In 2022, entrepreneur Patrick Campbell launched a hostile takeover attempt, buying shares to influence voting outcomes. The episode tested the platform’s governance model and drew significant attention.

By 2026, Merrill began running five AI agents that participate in platform operations, with a bot called K5M.bot actively trading shares. A proposal to grant AI agents voting rights initially polled at 60% No, then flipped to 71% Yes overnight after one of the agents lobbied shareholders directly.

How it works

Shares and voting

Voting weight is proportional to holdings: each share carries one vote, so a shareholder with 500 shares has 500 votes. Proposals are binding: if shareholders approve a decision, Merrill is obligated to follow through. Any shareholder can submit a proposal, though Merrill initiates most of them.

Merrill holds the vast majority of shares but cannot vote them. This structure means a relatively small group of outside shareholders controls all decisions.

Economics

Share price fluctuates based on trading activity. From the $1.00 IPO price, shares have traded as high as $11.75. As of 2026, the price is approximately $5.30. Over 16,000 shares have been sold to more than 1,128 shareholders.

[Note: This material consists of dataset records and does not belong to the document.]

text \<open>
  Realise the copula by a random vector W with uniform marginals and take
  D(u, v) = P(T(W) \<le> u, T*(W) \<le> v). Each system lifetime equals one of the component
  lifetimes, so D is Lipschitz, and W lies in the unit cube almost surely, hence D \<in> D2.
  The event {T(X) \<le> x, T*(X) \<le> y} is a Boolean combination of the events {X_j \<le> x},
  {X_j \<le> y} (through the minimal cut sets), and so is {T(W) \<le> F x, T*(W) \<le> F y} with
  the events {W_j \<le> F x}, {W_j \<le> F y}. By inclusion-exclusion it suffices that corresponding
  intersections have equal probabilities. The copula gives this for intersections involving
  every component; the remaining components are given a large threshold L, which changes
  both probabilities by at most n (1 - F L) \<longrightarrow> 0.
\<close>

section \<open>Boolean combinations of events\<close>

lemma sets_Collect_atom:
  assumes "finite S" "finite T" "\<And>i. i \<in> S \<union> T \<Longrightarrow> {\<omega>\<in>space M. P i \<omega>} \<in> sets M"
  shows "{\<omega>\<in>space M. (\<forall>i\<in>S. P i \<omega>) \<and> (\<forall>i\<in>T. \<not> P i \<omega>)} \<in> sets M"
  using assms by (intro sets.sets_Collect_conj sets.sets_Collect_finite_All sets.sets_Collect_neg) auto
(* If $G$ is a non-abelian finite group, then $\mathrm{am}(\mathrm{ZL}^1(G))>1$.
   Context: $\mathrm{L}^1(G)$ is the convolution algebra of $G$ with normalised Haar measure $\int_G f=\frac1{|G|}\sum_{s\in G}f(s)$, and $\mathrm{ZL}^1(G)$ its centre. For a Banach algebra $\mathfrak{A}$, $\mathrm{am}(\mathfrak{A})$ is the infimum of $\sup_\alpha\|\mu_\alpha\|$ over bounded approximate diagonals, i.e. bounded nets $(\mu_\alpha)$ in $\mathfrak{A}\hat\otimes\mathfrak{A}$ with $m(\mu_\alpha)a\to a$, $a\,m(\mu_\alpha)\to a$, $a\cdot\mu_\alpha-\mu_\alpha\cdot a\to0$ for all $a$ ($m$ multiplication, $a\cdot(b\otimes c)=ab\otimes c$, $(b\otimes c)\cdot a=b\otimes ca$). *)

theory Defs
  imports "HOL-Analysis.Analysis" "HOL-Algebra.Group"
begin

text \<open>Elements of L1(G) are functions on the carrier, taken to be zero outside it.
  Haar measure is normalised: the integral is (1/|G|) times the sum.\<close>

definition l1norm :: "('a, 'b) monoid_scheme \<Rightarrow> ('a \<Rightarrow> complex) \<Rightarrow> real" where
  "l1norm G f = (\<Sum>s\<in>carrier G. cmod (f s)) / real (card (carrier G))"

definition conv :: "('a, 'b) monoid_scheme \<Rightarrow> ('a \<Rightarrow> complex) \<Rightarrow> ('a \<Rightarrow> complex) \<Rightarrow> 'a \<Rightarrow> complex" where
  "conv G f g = (\<lambda>t. if t \<in> carrier G
      then (\<Sum>s\<in>carrier G. f s * g (inv\<^bsub>G\<^esub> s \<otimes>\<^bsub>G\<^esub> t)) / of_nat (card (carrier G))
      else 0)"
(* Every perinormal domain $R$ satisfies (R$_1$), i.e., $R_{\mathfrak{p}}$ is a valuation domain for every height one prime $\mathfrak{p}$ of $R$.
   Context: All rings are commutative with identity; "local" means having a unique maximal ideal; an overring of a domain $R$ is a ring between $R$ and its fraction field. A ring extension $A \subseteq B$ satisfies going-down if whenever $\mathfrak{p} \subset \mathfrak{q}$ are primes of $A$ and $Q$ is a prime of $B$ with $Q \cap A = \mathfrak{q}$, there is a prime $P \subseteq Q$ of $B$ with $P \cap A = \mathfrak{p}$. A domain $R$ is perinormal if every local overring $S$ of $R$ such that $R \subseteq S$ satisfies going-down is a localization of $R$. *)

theory Defs
  imports "HOL-Computational_Algebra.Fraction_Field"
begin

text \<open>The domain R is the type 'a :: idom; its fraction field is 'a fract.
Overrings are subsets of 'a fract containing the image of R.
Ideals/primes of R are ideals/primes of the subring UNIV :: 'a set.\<close>

definition subring_of :: "'b::comm_ring_1 set \<Rightarrow> bool" where
  "subring_of S \<longleftrightarrow> 0 \<in> S \<and> 1 \<in> S \<and>
     (\<forall>x\<in>S. \<forall>y\<in>S. x + y \<in> S \<and> x - y \<in> S \<and> x * y \<in> S)"

definition ideal_in :: "'b::comm_ring_1 set \<Rightarrow> 'b set \<Rightarrow> bool" where
  "ideal_in S I \<longleftrightarrow> I \<subseteq> S \<and> 0 \<in> I \<and>
     (\<forall>x\<in>I. \<forall>y\<in>I. x + y \<in> I) \<and> (\<forall>x\<in>I. - x \<in> I) \<and>
     (\<forall>s\<in>S. \<forall>x\<in>I. s * x \<in> I)"

definition prime_in :: "'b::comm_ring_1 set \<Rightarrow> 'b set \<Rightarrow> bool" where
  "prime_in S P \<longleftrightarrow> ideal_in S P \<and> P \<noteq> S \<and>
     (\<forall>a\<in>S. \<forall>b\<in>S. a * b \<in> P \<longrightarrow> a \<in> P \<or> b \<in> P)"

definition maximal_in :: "'b::comm_ring_1 set \<Rightarrow> 'b set \<Rightarrow> bool" where
  "maximal_in S M \<longleftrightarrow> ideal_in S M \<and> M \<noteq> S \<and>
     (\<forall>J. ideal_in S J \<and> M \<subseteq> J \<and> J \<noteq> S \<longrightarrow> J = M)"

definition local_ring :: "'b::comm_ring_1 set \<Rightarrow> bool" where
  "local_ring S \<longleftrightarrow> (\<exists>!M. maximal_in S M)"

definition emb :: "'a::idom \<Rightarrow> 'a fract" where
  "emb a = Fract a 1"

definition overring :: "'a::idom fract set \<Rightarrow> bool" where
  "overring S \<longleftrightarrow> subring_of S \<and> range emb \<subseteq> S"

definition contract :: "'a::idom fract set \<Rightarrow> 'a set" where
  "contract P = {a. emb a \<in> P}"

definition going_down :: "'a::idom fract set \<Rightarrow> bool" where
  "going_down S \<longleftrightarrow>
     (\<forall>p q Q. prime_in (UNIV :: 'a set) p \<and> prime_in (UNIV :: 'a set) q \<and> p \<subset> q \<and>
        prime_in S Q \<and> contract Q = q \<longrightarrow>
        (\<exists>P. prime_in S P \<and> P \<subseteq> Q \<and> contract P = p))"

definition multiplicative :: "'a::idom set \<Rightarrow> bool" where
  "multiplicative M \<longleftrightarrow> 1 \<in> M \<and> 0 \<notin> M \<and> (\<forall>x\<in>M. \<forall>y\<in>M. x * y \<in> M)"
lemma nonarch_local_field_abs_power:
  fixes av :: "'k::{field,metric_space} \<Rightarrow> real" and t :: 'k
  assumes A: "nonarch_local_field av"
  shows "av (t ^ n) = av t ^ n"
proof -
  have mult: "av (x * y) = av x * av y" for x y using A unfolding nonarch_local_field_def by blast
  have "av 1 = 1" using mult[of 1 1] A unfolding nonarch_local_field_def by force
  then show ?thesis by (induction n) (simp_all add: mult)
qed

lemma nonarch_local_field_exists_abs_gt_1:
  fixes av :: "'k::{field,metric_space} \<Rightarrow> real"
  assumes A: "nonarch_local_field av"
  obtains t where "1 < av t"
proof -
  obtain w where w: "av w \<noteq> 0" "av w \<noteq> 1" "0 \<le> av w"
    using A unfolding nonarch_local_field_def by blast
  then have "w \<noteq> 0" using A unfolding nonarch_local_field_def by auto
  have mult: "av (x * y) = av x * av y" for x y using A unfolding nonarch_local_field_def by blast
  have "av w * av (inverse w) = 1"
    using mult[of w "inverse w"] nonarch_local_field_abs_power[OF A, of w 0] \<open>w \<noteq> 0\<close> by simp
  then have inv: "inverse (av w) = av (inverse w)" by (rule inverse_unique)
  show thesis
  proof (cases "1 < av w")
    case True
    with that show thesis .
  next
    case False
    with w have "0 < av w" "av w < 1" by auto
    then have "1 < av (inverse w)" unfolding inv[symmetric] by (rule one_less_inverse)
    with that show thesis .
  qed
qed

lemma nonarch_local_field_exists_compact_cball_zero:
  fixes av :: "'k::{field,metric_space} \<Rightarrow> real"
  assumes A: "nonarch_local_field av"
  obtains e where "0 < e" "compact (cball (0::'k) e)"
proof -
  have "locally_compact_space (euclidean :: 'k topology)"
    using A unfolding nonarch_local_field_def by blast
  then obtain U K where UK: "open U" "compact K" "(0::'k) \<in> U" "U \<subseteq> K"
    unfolding locally_compact_space_def by (metis UNIV_I open_openin topspace_euclidean compactin_euclidean_iff)
  then obtain e where e: "0 < e" "ball 0 e \<subseteq> U" by (meson open_contains_ball)
  have "cball (0::'k) (e/2) \<subseteq> K" using e UK(4) by (auto simp: subset_iff)
  then have "compact (cball (0::'k) (e/2))"
    using UK(2) by (metis closed_cball compact_Int_closed inf.absorb_iff2)
  then show thesis using that[of "e/2"] e(1) by simp
qed

text \<open>Local compactness gives one compact ball around 0; multiplying by a large
  power of an element of absolute value > 1 blows it up over any given ball.\<close>

lemma nonarch_local_field_compact_cball:
  fixes av :: "'k::{field,metric_space} \<Rightarrow> real"
  assumes A: "nonarch_local_field av"
  shows "compact (cball (x::'k) r)"
proof -
  obtain e where e: "0 < e" "compact (cball (0::'k) e)"
    using nonarch_local_field_exists_compact_cball_zero[OF A] .
  obtain t where t: "1 < av t" using nonarch_local_field_exists_abs_gt_1[OF A] .
  obtain n where n: "(r + av x) / e < av t ^ n" using real_arch_pow[OF t] by blast
  define s where "s = t ^ n"
  have "av s = av t ^ n" unfolding s_def by (rule nonarch_local_field_abs_power[OF A])
  with n e(1) t have large: "r + av x < av s * e" and "0 < av s"
    by (simp_all add: field_simps)
  then have "s \<noteq> 0" using A unfolding nonarch_local_field_def by (metis less_irrefl)
  have "(av s)-lipschitz_on (cball 0 e) ((*) s)"
    by (rule lipschitz_onI) (use \<open>0 < av s\<close> in \<open>simp_all add: nonarch_local_field_dist_mult[OF A]\<close>)
  then have image: "compact ((*) s ` cball 0 e)"
    by (intro compact_continuous_image lipschitz_on_continuous_on e(2))
  have "cball x r \<subseteq> (*) s ` cball 0 e"
  proof
    fix y assume "y \<in> cball x r"
    then have "dist y 0 \<le> r + dist x 0" using dist_triangle[of y 0 x] by (simp add: dist_commute)
    then have "dist y 0 \<le> r + av x" by (simp add: nonarch_local_field_dist[OF A])
    also have "\<dots> < av s * e" by (rule large)
    finally have "av s * dist (y / s) 0 < av s * e"
      using \<open>s \<noteq> 0\<close> nonarch_local_field_dist_mult[OF A, of s "y / s" 0] by simp
    then have "y / s \<in> cball 0 e" using \<open>0 < av s\<close> by (simp add: dist_commute)
    moreover have "y = s * (y / s)" using \<open>s \<noteq> 0\<close> by simp
    ultimately show "y \<in> (*) s ` cball 0 e" by blast
  qed
  then show ?thesis using image by (metis closed_cball compact_Int_closed inf.absorb_iff2)
qed
lemma Pmat_entries:
  "Pmat c m $ 1 $ 1 = 0"  "Pmat c m $ 1 $ 2 = - c 3 - m"  "Pmat c m $ 1 $ 3 = c 2"
  "Pmat c m $ 1 $ 4 = 0"  "Pmat c m $ 1 $ 5 = - c 6"  "Pmat c m $ 1 $ 6 = c 5"
  "Pmat c m $ 2 $ 1 = c 3 + m"  "Pmat c m $ 2 $ 2 = 0"  "Pmat c m $ 2 $ 3 = - c 1"
  "Pmat c m $ 2 $ 4 = c 6"  "Pmat c m $ 2 $ 5 = 0"  "Pmat c m $ 2 $ 6 = - c 4"
  "Pmat c m $ 3 $ 1 = - c 2"  "Pmat c m $ 3 $ 2 = c 1"  "Pmat c m $ 3 $ 3 = 0"
  "Pmat c m $ 3 $ 4 = - c 5"  "Pmat c m $ 3 $ 5 = c 4"  "Pmat c m $ 3 $ 6 = 0"
  "Pmat c m $ 4 $ 1 = 0"  "Pmat c m $ 4 $ 2 = - c 6"  "Pmat c m $ 4 $ 3 = c 5"
  "Pmat c m $ 4 $ 4 = 0"  "Pmat c m $ 4 $ 5 = 0"  "Pmat c m $ 4 $ 6 = 0"
  "Pmat c m $ 5 $ 1 = c 6"  "Pmat c m $ 5 $ 2 = 0"  "Pmat c m $ 5 $ 3 = - c 4"
  "Pmat c m $ 5 $ 4 = 0"  "Pmat c m $ 5 $ 5 = 0"  "Pmat c m $ 5 $ 6 = 0"
  "Pmat c m $ 6 $ 1 = - c 5"  "Pmat c m $ 6 $ 2 = c 4"  "Pmat c m $ 6 $ 3 = 0"
  "Pmat c m $ 6 $ 4 = 0"  "Pmat c m $ 6 $ 5 = 0"  "Pmat c m $ 6 $ 6 = 0"
  by (simp_all add: Pmat_def vector_def)

lemma Pmat_deriv:
  assumes c: "\<And>k. ((\<lambda>t. c t k) has_real_derivative c' k) F" and m: "(m has_real_derivative m') F"
  shows "((\<lambda>t. Pmat (c t) (m t) $ a $ b) has_real_derivative Pmat c' m' $ a $ b) F"
  using exhaust_6[of a] exhaust_6[of b]
  by (elim disjE) (auto simp: Pmat_entries intro!: derivative_eq_intros c m)

lemma Pmat_linear:
  "(\<Sum>j\<in>UNIV. w j * Pmat (c j) (m j) $ a $ b)
     = Pmat (\<lambda>k. \<Sum>j\<in>UNIV. w j * c j k) (\<Sum>j\<in>UNIV. w j * m j) $ a $ b"
  using exhaust_6[of a] exhaust_6[of b]
  by (elim disjE)
     (auto simp: Pmat_entries sum_negf[symmetric] sum.distrib[symmetric] algebra_simps sum_distrib_left)

definition mu3 :: "(6 \<Rightarrow> real) \<Rightarrow> real" where
  "mu3 c = (c 1 * c 4 + c 2 * c 5 + c 3 * c 6) / c 6"

definition grad_mu3 :: "(6 \<Rightarrow> real) \<Rightarrow> 6 \<Rightarrow> real" where
  "grad_mu3 c k = (vector [c 4 / c 6, c 5 / c 6, 1, c 1 / c 6, c 2 / c 6,
                           - (c 1 * c 4 + c 2 * c 5) / (c 6 * c 6)] :: real^6) $ k"

lemma PiMat_eq_Pmat:
  assumes mu: "\<And>x. mu x = vector [0, 0, (Mc x \<bullet> gc x) / (gc x)$3]"
  shows "PiMat mu y = Pmat (\<lambda>k. y $ k) (mu3 (\<lambda>k. y $ k))"
  unfolding PiMat_def Let_def Pmat_def mu Mc_def gc_def mu3_def
  by (simp add: inner_vec_def sum_3 vector_3)

lemma mu3_deriv:
  assumes "x $ 6 \<noteq> 0"
  shows "((\<lambda>t. mu3 (\<lambda>k. (x + t *\<^sub>R axis j 1) $ k)) has_real_derivative grad_mu3 (\<lambda>k. x $ k) j) (at 0)"
proof -
  let ?v = "axis j 1 :: real^6"
  have "((\<lambda>t. mu3 (\<lambda>k. (x + t *\<^sub>R ?v) $ k)) has_real_derivative
     (((?v $ 1 * x $ 4 + x $ 1 * ?v $ 4) + (?v $ 2 * x $ 5 + x $ 2 * ?v $ 5)
       + (?v $ 3 * x $ 6 + x $ 3 * ?v $ 6)) * x $ 6
      - (x $ 1 * x $ 4 + x $ 2 * x $ 5 + x $ 3 * x $ 6) * ?v $ 6) / (x $ 6 * x $ 6)) (at 0)"
    unfolding mu3_def using assms
    by (auto intro!: derivative_eq_intros coord_deriv simp: power2_eq_square algebra_simps)
  moreover have "(((?v $ 1 * x $ 4 + x $ 1 * ?v $ 4) + (?v $ 2 * x $ 5 + x $ 2 * ?v $ 5)
       + (?v $ 3 * x $ 6 + x $ 3 * ?v $ 6)) * x $ 6
      - (x $ 1 * x $ 4 + x $ 2 * x $ 5 + x $ 3 * x $ 6) * ?v $ 6) / (x $ 6 * x $ 6)
     = grad_mu3 (\<lambda>k. x $ k) j"
    using exhaust_6[of j] assms
    by (elim disjE) (simp_all add: grad_mu3_def vector_def axis_def field_simps)
  ultimately show ?thesis by simp
qed

lemma PiMat_deriv:
  assumes mu: "\<And>x. mu x = vector [0, 0, (Mc x \<bullet> gc x) / (gc x)$3]" and x6: "x $ 6 \<noteq> 0"
  shows "((\<lambda>t. PiMat mu (x + t *\<^sub>R axis j 1) $ a $ b) has_real_derivative
           Pmat (\<lambda>k. axis j 1 $ k) (grad_mu3 (\<lambda>k. x $ k) j) $ a $ b) (at 0)"
  unfolding PiMat_eq_Pmat[OF mu]
  by (rule Pmat_deriv[OF coord_deriv mu3_deriv[OF x6]])

text \<open>By linearity of \<open>Pmat\<close>, \<open>S\<^sub>i\<^sub>a\<^sub>b\<close> is itself an entry of a \<open>Pmat\<close>, which makes the check a finite
  rational identity.\<close>

lemma schouten_cyclic_vanishes:
  assumes mu: "\<And>x. mu x = vector [0, 0, (Mc x \<bullet> gc x) / (gc x)$3]" and x6: "x $ 6 \<noteq> 0"
  defines "P \<equiv> \<lambda>a b. PiMat mu x $ a $ b"
      and "dP \<equiv> \<lambda>j a b. Pmat (\<lambda>k. axis j 1 $ k) (grad_mu3 (\<lambda>k. x $ k) j) $ a $ b"
  shows "schouten P dP i a b + schouten P dP a b i + schouten P dP b i a = 0"
proof -
  define c where "c = (\<lambda>k. x $ k)"
  have axis_sum: "(\<Sum>j\<in>UNIV. P i j * axis j 1 $ k) = P i k" for i k
    by (simp add: axis_def if_distrib[of "\<lambda>z. P i _ * z"] cong: if_cong)
  have S: "schouten P dP i a b
      = Pmat (\<lambda>k. Pmat c (mu3 c) $ i $ k) (\<Sum>k\<in>UNIV. Pmat c (mu3 c) $ i $ k * grad_mu3 c k) $ a $ b"
    for i a b
    unfolding schouten_def dP_def Pmat_linear axis_sum
    by (simp add: P_def c_def PiMat_eq_Pmat[OF mu])
  have "c 6 \<noteq> 0" using x6 by (simp add: c_def)
  then have "\<forall>i a b. schouten P dP i a b + schouten P dP a b i + schouten P dP b i a = 0"
    unfolding S forall_6
    by (simp add: Pmat_entries sum_6 grad_mu3_def vector_def mu3_def field_simps)
  then show ?thesis by blast
qed

lemma poisson:
  assumes U: "U = {x. (gc x)$3 \<noteq> 0}"
      and mu: "\<And>x. mu x = vector [0, 0, (Mc x \<bullet> gc x) / (gc x)$3]"
  shows "is_poisson_on U mu"
  unfolding is_poisson_on_def
proof (intro allI impI ballI)
  fix f g h x
  assume "smooth_on U f \<and> smooth_on U g \<and> smooth_on U h" and x: "x \<in> U"
  then have "Ck_on 2 U f" "Ck_on 2 U g" "Ck_on 2 U h" unfolding smooth_on_def by blast+
  moreover have "open U" unfolding U by (simp add: gc_def vector_3) (intro open_Collect_neq continuous_intros)
  moreover have "x $ 6 \<noteq> 0" using U x by (simp add: gc_def vector_3)
  ultimately show "pbracket mu f (pbracket mu g h) x + pbracket mu g (pbracket mu h f) x
                   + pbracket mu h (pbracket mu f g) x = 0"
    using x by (intro jacobi_at_point[where dP = "\<lambda>j a b. Pmat (\<lambda>k. axis j 1 $ k) (grad_mu3 (\<lambda>k. x $ k) j) $ a $ b"]
        PiMat_deriv[OF mu] schouten_cyclic_vanishes[OF mu])
qed


section \<open>The Casimir \<open>C = \<gamma>\<^sub>3 (M\<cdot>\<gamma>)\<close>\<close>

lemma C_poly:
  assumes C: "\<And>x. C x = (gc x)$3 * (Mc x \<bullet> gc x)"
  shows "C = (\<lambda>y. y $ 6 * (y $ 1 * y $ 4 + y $ 2 * y $ 5 + y $ 3 * y $ 6))"
  by (rule ext) (simp add: C gc_def Mc_def inner_vec_def sum_3 vector_3)

lemma C_partial:
  fixes i :: 6
  assumes C: "\<And>x. C x = (gc x)$3 * (Mc x \<bullet> gc x)"
  defines "v \<equiv> axis i 1 :: real^6"
  shows "grad C x $ i = v $ 6 * (x $ 1 * x $ 4 + x $ 2 * x $ 5 + x $ 3 * x $ 6)
      + x $ 6 * ((v $ 1 * x $ 4 + x $ 1 * v $ 4) + (v $ 2 * x $ 5 + x $ 2 * v $ 5) + (v $ 3 * x $ 6 + x $ 3 * v $ 6))"
proof -
  have "((\<lambda>t. C (x + t *\<^sub>R v)) has_real_derivative
      v $ 6 * (x $ 1 * x $ 4 + x $ 2 * x $ 5 + x $ 3 * x $ 6)
      + x $ 6 * ((v $ 1 * x $ 4 + x $ 1 * v $ 4) + (v $ 2 * x $ 5 + x $ 2 * v $ 5) + (v $ 3 * x $ 6 + x $ 3 * v $ 6))) (at 0)"
    unfolding C_poly[OF C] by (auto intro!: derivative_eq_intros coord_deriv simp: algebra_simps)
  then show ?thesis unfolding grad_def partial_def v_def by (simp add: DERIV_imp_deriv)
qed

lemma casimir:
  assumes U: "U = {x. (gc x)$3 \<noteq> 0}"
      and mu: "\<And>x. mu x = vector [0, 0, (Mc x \<bullet> gc x) / (gc x)$3]"
      and C: "\<And>x. C x = (gc x)$3 * (Mc x \<bullet> gc x)"
  shows "is_casimir_on U mu C"
  unfolding is_casimir_on_def
proof (intro conjI ballI)
  have "polyf (\<lambda>y::real^6. y $ 6 * (y $ 1 * y $ 4 + y $ 2 * y $ 5 + y $ 3 * y $ 6))"
    by (intro polyf.intros)
  then show "smooth_on U C" unfolding smooth_on_def C_poly[OF C] using polyf_Ck by blast
  fix x assume "x \<in> U"
  then have "x $ 6 \<noteq> 0" using U by (simp add: gc_def vector_3)
  then show "PiMat mu x *v grad C x = 0"
    unfolding vec_eq_iff forall_6 matrix_vector_mult_def PiMat_eq_Pmat[OF mu]
    by (simp add: C_partial[OF C] sum_6 Pmat_entries axis_def mu3_def field_simps)
qed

Shareholders once voted to designate Merrill’s existing life insurance policy beneficiary as the shareholder base, with proceeds distributed proportional to holdings. The policy has since lapsed.

Notable votes

The platform has hosted hundreds of proposals. Several attracted outside attention:

  • The Vasectomy Vote (2013): Shareholders rejected a proposal for Merrill to get a vasectomy, 456 to 387. The vote became the platform’s most widely covered moment.
  • Vegetarian diet: Approved. Merrill adopted a vegetarian diet by shareholder mandate.
  • Register Republican: Approved. Merrill, who had not previously been a Republican, changed his party registration.
  • Polyphasic sleep: Approved, then abandoned after Merrill found the schedule unsustainable.
  • Marijke Dixon relationship: Shareholders approved a formal relationship contract between Merrill and Dixon.
  • AI agent voting rights: Approved in 2026, after an initial majority opposed it.

Community

The shareholder community operates through Discord, a Substack newsletter (3,000+ subscribers), and the voting platform at kmikeym.com. Merrill describes the project in terms of connection rather than control: “It’s like having a superpower. It means as long as I’m honest, I never have to be alone.”

He has also noted the asymmetry of the arrangement: “I would rather be an investor; I would rather buy into this and have control over someone. But no one else was going to do it, so I guess I had to.”

Media coverage

KmikeyM has been covered by WIRED, The Today Show, VICE, The Atlantic, Fast Company, CNBC, and Playboy. Merrill presented the project at TEDxVienna.